A brief history of the Hebbian Learning Rule

Canadian Psychology, Feb 2003 by Peter Milner

Abstract

Hebb included a version of his neural postulate of learning in his MA thesis (1932). It seems to be a translation of Pavlovian conditioning into neural terms. The version that appears in his book, The Organization of Behavior (1949), speaks of synapses rather than routes, but the idea of simultaneous firing of afferent and efferent elements is common to both versions. The postulate was adopted by groups interested in programming computers to learn and think. It was also one of the hypotheses tested by neurophysiologists in their search for the synaptic mechanism of learning. So far the neurophysiologists have had more success than the logicians; the NMDA synapse appears to explain the main features of Hebb's postulate.

In his monograph, The Organization of Behavior, Hebb (1949) presented a theory concerning the way stimuli might be represented in the brain. It was the first such attempt to be widely accepted by psychologists and it has had a strong influence on subsequent theories. Commonsense decrees that brain representations must be learned, at least in the case of representations of the shapes of human artefacts such as the letters of the alphabet, tools, and buildings. The radical empiricism of early 20th century psychology led Hebb to go the whole hog and base his model on the assumption that the neurons of the newborn visual cortex are randomly interconnected. In order to proceed, Hebb then had to specify the conditions under which visual input might organize these connections.

In 1932, when Hebb was a part-time graduate student at McGill, he submitted an MA thesis entitled Conditioned and Unconditioned Reflexes and Inhibition. The gist of the thesis is that spinal reflexes are the result of prenatal Pavlovian conditioning; in his more mature years Hebb referred to it as nonsense (Hebb, 1980). The McGill library had, in the meantime, lost its copy of the thesis, so Hebb's evaluation could not readily be verified.
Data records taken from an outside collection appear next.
(* Let $\mathbb S=\{(X_1,X_2,A)\in\mathbb C^2\times\mathbb R: -2\,\mathrm{Re}(X_1+X_2)-2\,\mathrm{Re}(X_1\overline{X}_2e^{-2iA})+|X_1|^2+|X_2|^2+1=0\}$ and $\mathbb S_{123}=\{(X_1,X_2,A)\in\mathbb C^2\times\mathbb R:\mathrm{Re}(e^{iA})=0\}$. Writing $X_1=a+bi$, $X_2=c+di$, the intersection $\mathbb S\cap\mathbb S_{123}$ is not transversal; it is a union of $2$-dimensional real analytic varieties, given by the equations $a+c=1$, $b+d=0$, $A=\pm\pi/2+2k\pi$ ($k\in\mathbb Z$). *)

theory Defs
  imports "HOL-Analysis.Analysis"
begin

definition SF :: "complex \<times> complex \<times> real \<Rightarrow> real" where
  "SF = (\<lambda>(X1, X2, A). - 2 * Re (X1 + X2)
          - 2 * Re (X1 * cnj X2 * exp (- 2 * \<i> * complex_of_real A))
          + (cmod X1)^2 + (cmod X2)^2 + 1)"

definition S123F :: "complex \<times> complex \<times> real \<Rightarrow> real" where
  "S123F = (\<lambda>(X1, X2, A). Re (exp (\<i> * complex_of_real A)))"

definition SS :: "(complex \<times> complex \<times> real) set" where
  "SS = {p. SF p = 0}"

definition SS123 :: "(complex \<times> complex \<times> real) set" where
  "SS123 = {p. S123F p = 0}"

definition transversal_at ::
  "('a::real_normed_vector \<Rightarrow> real) \<Rightarrow> ('a \<Rightarrow> real) \<Rightarrow> 'a \<Rightarrow> bool" where
  "transversal_at f g p \<longleftrightarrow>
     f differentiable (at p) \<and> g differentiable (at p) \<and>
     surj (\<lambda>v. (frechet_derivative f (at p) v, frechet_derivative g (at p) v))"

end

theory Submission
  imports Defs
begin

text \<open>On the slice \<open>cos A = 0\<close> the phase factor \<open>exp (-2iA)\<close> equals \<open>-1\<close>, and the defining
  function of \<open>SS\<close> becomes the sum of squares \<open>(Re (X1 + X2) - 1)\<^sup>2 + (Im (X1 + X2))\<^sup>2\<close>.
  This gives the intersection, and it shows that \<open>SF\<close>, like \<open>S123F\<close>, is minimal at
  \<open>(1, 0, pi/2)\<close> along every direction \<open>(u1, u2, 0)\<close>. Hence both differentials there are
  multiples of \<open>dA\<close> and cannot be jointly onto \<open>\<real>\<^sup>2\<close>.\<close>

lemma has_derivative_eq_0_if_min_along_line:
  fixes f :: "'a::real_normed_vector \<Rightarrow> real"
  assumes deriv: "(f has_derivative D) (at p)" and min: "\<And>t. f p \<le> f (p + t *\<^sub>R v)"
  shows "D v = 0"
proof -
  have "((\<lambda>t. p + t *\<^sub>R v) has_derivative (\<lambda>t. t *\<^sub>R v)) (at 0)"
    by (auto intro!: derivative_eq_intros)
  then have "((\<lambda>t. f (p + t *\<^sub>R v)) has_derivative (\<lambda>t. D (t *\<^sub>R v))) (at 0)"
    using has_derivative_compose[of "\<lambda>t. p + t *\<^sub>R v" _ 0 UNIV f D] deriv by simp
  then have "(\<lambda>t. D (t *\<^sub>R v)) = (\<lambda>_. 0)"
    by (rule has_derivative_local_min) (use min in simp)
  then show ?thesis
    by (metis scaleR_one)
qed

lemma linear_eq_last_coordinate_multiple:
  fixes D :: "'a::real_vector \<times> 'b::real_vector \<times> real \<Rightarrow> real"
  assumes "linear D" and vanish: "\<And>u1 u2. D (u1, u2, 0) = 0"
  shows "D v = snd (snd v) * D (0, 0, 1)"
proof -
  have "D v = D ((fst v, fst (snd v), 0) + snd (snd v) *\<^sub>R (0, 0, 1))"
    by simp
  also have "\<dots> = D (fst v, fst (snd v), 0) + snd (snd v) * D (0, 0, 1)"
    by (simp only: linear_add[OF assms(1)] linear_scale[OF assms(1)] real_scaleR_def)
  finally show ?thesis
    using vanish by simp
qed

lemma not_surj_if_pair_of_multiples:
  fixes F :: "'a \<Rightarrow> real \<times> real"
  assumes F: "\<And>v. F v = (\<phi> v * a, \<phi> v * b)"
  shows "\<not> surj F"
proof
  assume onto: "surj F"
  show False
  proof (cases "a = 0 \<and> b = 0")
    case True
    obtain v where "(1, 0) = F v"
      using surjD[OF onto] by blast
    then show False
      using True F[of v] by simp
  next
    case False
    obtain v where "(b, - a) = F v"
      using surjD[OF onto] by blast
    then have "b = \<phi> v * a" "- a = \<phi> v * b"
      using F[of v] by simp_all
    then have "a\<^sup>2 + b\<^sup>2 = 0"
      by algebra
    then show False
      using False by (simp add: sum_power2_eq_zero_iff)
  qed
qed

lemma not_transversal_at_if_min_on_slice:
  fixes f g :: "'a::real_normed_vector \<times> 'b::real_normed_vector \<times> real \<Rightarrow> real"
  assumes f_min: "\<And>u1 u2. f p \<le> f (p + (u1, u2, 0))"
    and g_min: "\<And>u1 u2. g p \<le> g (p + (u1, u2, 0))"
  shows "\<not> transversal_at f g p"
proof
  assume tr: "transversal_at f g p"
  define D where "D = frechet_derivative f (at p)"
  define D' where "D' = frechet_derivative g (at p)"
  have dD: "(f has_derivative D) (at p)" and dD': "(g has_derivative D') (at p)"
    using tr frechet_derivative_works unfolding transversal_at_def D_def D'_def by blast+
  have slice: "p + t *\<^sub>R (u1, u2, 0) = p + (t *\<^sub>R u1, t *\<^sub>R u2, 0)" for t u1 u2
    by simp
  have "D (u1, u2, 0) = 0" for u1 u2
    by (rule has_derivative_eq_0_if_min_along_line[OF dD]) (simp only: slice f_min)
  then have D: "D v = snd (snd v) * D (0, 0, 1)" for v
    by (rule linear_eq_last_coordinate_multiple[OF has_derivative_linear[OF dD]])
  have "D' (u1, u2, 0) = 0" for u1 u2
    by (rule has_derivative_eq_0_if_min_along_line[OF dD']) (simp only: slice g_min)
  then have D': "D' v = snd (snd v) * D' (0, 0, 1)" for v
    by (rule linear_eq_last_coordinate_multiple[OF has_derivative_linear[OF dD']])
  have "surj (\<lambda>v. (D v, D' v))"
    using tr unfolding transversal_at_def D_def D'_def by blast
  moreover have "\<not> surj (\<lambda>v. (D v, D' v))"
    by (rule not_surj_if_pair_of_multiples) (rule arg_cong2[where f = Pair, OF D D'])
  ultimately show False
    by contradiction
qed

lemma S123F_eq_cos: "S123F (X1, X2, A) = cos A"
  by (simp add: S123F_def Re_exp)

lemma SF_eq_sum_squares_if_cos_eq_0:
  assumes "cos A = 0"
  shows "SF (X1, X2, A) = (Re X1 + Re X2 - 1)\<^sup>2 + (Im X1 + Im X2)\<^sup>2"
proof -
  have "sin A ^ 2 = 1"
    using assms sin_cos_squared_add[of A] by simp
  then have "cis (- (2 * A)) = -1"
    using assms by (simp add: cis.ctr cos_double sin_double complex_eq_iff power2_eq_square)
  then have "exp (- 2 * \<i> * complex_of_real A) = -1"
    by (simp add: cis_conv_exp mult_ac)
  then show ?thesis
    unfolding SF_def by (simp add: cmod_power2) (simp add: power2_eq_square algebra_simps)
qed

lemma cos_eq_0_iff_pm_pi_half:
  "cos A = 0 \<longleftrightarrow> (\<exists>k::int. A = pi / 2 + 2 * of_int k * pi \<or> A = - pi / 2 + 2 * of_int k * pi)"
proof
  assume "cos A = 0"
  then obtain n :: int where n: "A = n * pi + pi / 2"
    using cos_zero_iff_int2 by blast
  consider k where "n = 2 * k" | k where "n = 2 * k - 1"
    by (metis add_diff_cancel evenE oddE)
  then show "\<exists>k::int. A = pi / 2 + 2 * of_int k * pi \<or> A = - pi / 2 + 2 * of_int k * pi"
  proof cases
    case (1 k)
    then show ?thesis
      using n by (intro exI[of _ k]) (simp add: algebra_simps)
  next
    case (2 k)
    then have "real_of_int n = 2 * of_int k - 1"
      by simp
    with n show ?thesis
      by (intro exI[of _ k]) (simp add: algebra_simps)
  qed
next
  assume "\<exists>k::int. A = pi / 2 + 2 * of_int k * pi \<or> A = - pi / 2 + 2 * of_int k * pi"
  then obtain k :: int where "A = pi / 2 + 2 * of_int k * pi \<or> A = - pi / 2 + 2 * of_int k * pi"
    by blast
  then have "A = of_int (2 * k) * pi + pi / 2 \<or> A = of_int (2 * k - 1) * pi + pi / 2"
    by (auto simp: algebra_simps)
  then show "cos A = 0"
    by (metis cos_zero_iff_int2)
qed

lemma SS_inter_SS123:
  "SS \<inter> SS123 =
     {(X1, X2, A). Re X1 + Re X2 = 1 \<and> Im X1 + Im X2 = 0 \<and>
        (\<exists>k::int. A = pi / 2 + 2 * of_int k * pi \<or> A = - pi / 2 + 2 * of_int k * pi)}"
proof -
  have "(X1, X2, A) \<in> SS \<inter> SS123 \<longleftrightarrow> Re X1 + Re X2 = 1 \<and> Im X1 + Im X2 = 0 \<and> cos A = 0"
    for X1 X2 A
    by (auto simp: SS_def SS123_def S123F_eq_cos SF_eq_sum_squares_if_cos_eq_0
        sum_power2_eq_zero_iff)
  then show ?thesis
    by (auto simp: cos_eq_0_iff_pm_pi_half)
qed

lemma not_transversal_at_SF_S123F: "\<not> transversal_at SF S123F (1, 0, pi / 2)"
  by (rule not_transversal_at_if_min_on_slice)
    (simp_all add: S123F_eq_cos SF_eq_sum_squares_if_cos_eq_0)

theorem proposition3p6:
  shows "\<not> (\<forall>p \<in> SS \<inter> SS123. transversal_at SF S123F p) \<and>
         SS \<inter> SS123 =
           {(X1, X2, A). Re X1 + Re X2 = 1 \<and> Im X1 + Im X2 = 0 \<and>
              (\<exists>k::int. A = pi / 2 + 2 * of_int k * pi \<or> A = - pi / 2 + 2 * of_int k * pi)}"
proof
  have "(1, 0, pi / 2) \<in> SS \<inter> SS123"
    by (simp add: SS_def SS123_def S123F_eq_cos SF_eq_sum_squares_if_cos_eq_0)
  then show "\<not> (\<forall>p \<in> SS \<inter> SS123. transversal_at SF S123F p)"
    using not_transversal_at_SF_S123F by blast
qed (fact SS_inter_SS123)

end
Recently, however, Professor Richard Brown of Dalhousie University, in connection with a presentation he made to the Society of Neuroscience, tracked down another copy of the thesis. The part of it dealing with the ontogeny of spinal reflexes may well be nonsense, as Hebb maintained, but Brown (2001, 2002) made the interesting discovery that the thesis includes an analysis of the neural learning mechanism underlying Pavlovian conditioning that foreshadows the one he later presented to explain the learning of visual representations. Based on the observations of Pavlov and others that a stimulus occurring repeatedly at about the same time as a response, acquires a connection to that response, Hebb concluded that:

An excited neuron tends to decrease its discharge to inactive neurons, and to increase this discharge to any active neuron, and therefore to form a route to it, whether there are intervening neurons between the two or not. With repetition this tendency is prepotent in the formation of neural routes. (Hebb, 1932, p. 8)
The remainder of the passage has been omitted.